Hi,

I have a .vcf file with 150 000 SNPs on the X chromosome and genotypes for 5 samples from WGS.

I tried using plink. I exported the data in plink format :

vcftools --gzvcf ../rawData/FXXX_chrX_PASS_variants_hg38.vcf.gz --plink --out plink_X

Then I manually modified the .ped file so it take into account my pedigree. 3 males, 2 females. 2 cases, 3 controls. And I run the r2 function of plink.

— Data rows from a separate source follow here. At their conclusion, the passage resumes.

lemma gword_coords_surj:
  assumes "x \<in> carrier G"
  shows "\<exists>j S. j \<in> {0,1} \<and> S \<subseteq> {1..2*r} \<and> x = gword G z g j (sorted_list_of_set S)"
proof -
  let ?f = "\<lambda>p. gword G z g (fst p) (sorted_list_of_set (snd p))"
  let ?D = "{0::nat, 1} \<times> Pow {1..2*r}"
  have "inj_on ?f ?D"
  proof (rule inj_onI)
    fix p q assume "p \<in> ?D" "q \<in> ?D" "?f p = ?f q"
    then have "fst p = fst q \<and> snd p = snd q"
      by (intro gword_coords_inj) auto
    then show "p = q"
      by (simp add: prod_eq_iff)
  qed
  then have "card (?f ` ?D) = card (carrier G)"
    by (simp add: card_image card_cartesian_product card_Pow card_carrier)
  moreover have "?f ` ?D \<subseteq> carrier G"
    using gword_sorted_carrier by auto
  moreover have "finite (carrier G)"
    using card_carrier card_ge_0_finite by force
  ultimately have "?f ` ?D = carrier G"
    by (simp add: card_subset_eq)
  then obtain p where "p \<in> ?D" "x = ?f p"
    using assms by blast
  then show ?thesis
    by (intro exI[of _ "fst p"] exI[of _ "snd p"]) auto
qed

lemma gword_coords_unique:
  assumes "x \<in> carrier G"
  shows "\<exists>!p. fst p \<in> {0,1} \<and> snd p \<subseteq> {1..2*r}
              \<and> x = gword G z g (fst p) (sorted_list_of_set (snd p))"
proof -
  obtain j S where jS: "j \<in> {0,1}" "S \<subseteq> {1..2*r}" "x = gword G z g j (sorted_list_of_set S)"
    using gword_coords_surj[OF assms] by blast
  show ?thesis
  proof (rule ex1I[of _ "(j, S)"])
    fix p assume "fst p \<in> {0,1} \<and> snd p \<subseteq> {1..2*r}
                    \<and> x = gword G z g (fst p) (sorted_list_of_set (snd p))"
    then have "fst p = j \<and> snd p = S"
      using jS gword_coords_inj by metis
    then show "p = (j, S)"
      by (simp add: prod_eq_iff)
  qed (use jS in simp)
qed

lemma nf_gword:
  assumes "j \<in> {0,1}" "S \<subseteq> {1..2*r}"
  shows "nf G r z g (gword G z g j (sorted_list_of_set S)) = (j, S)"
  unfolding nf_def
proof (rule the1_equality)
  show "\<exists>!p. fst p \<in> {0,1} \<and> snd p \<subseteq> {1..2*r}
          \<and> gword G z g j (sorted_list_of_set S) = gword G z g (fst p) (sorted_list_of_set (snd p))"
    using assms by (intro gword_coords_unique gword_sorted_carrier)
qed (use assms in simp)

plink --bfile plink_X --ld-xchr 1 --r2 -ld-window-kb 1 --ld-window 1000 --ld-window-r2 0 --out plink_X

The results are R2=1 everywhere no matter the size of the window.

I also tried the blocks function.

plink --bfile plink_X --ld-xchr 1 --blocks -ld-window-kb 1 --ld-window 1000 --ld-window-r2 0 --out plink_X

But no haploblocks found.

What I want is to know is the shared regions of the X chromosome for the 2 case samples. Does anyone know what I am doing wrong ? Or what else I can try ?

You can't compute meaningful LD stats with only 5 samples. (You also shouldn't be using vcftools to "export to plink"; plink --vcf is far better at that operation.)

A standard approach for estimating human haplotypes is to use a public reference dataset, such as 1000 Genomes, as an additional input to a phasing program like Eagle or SHAPEIT4.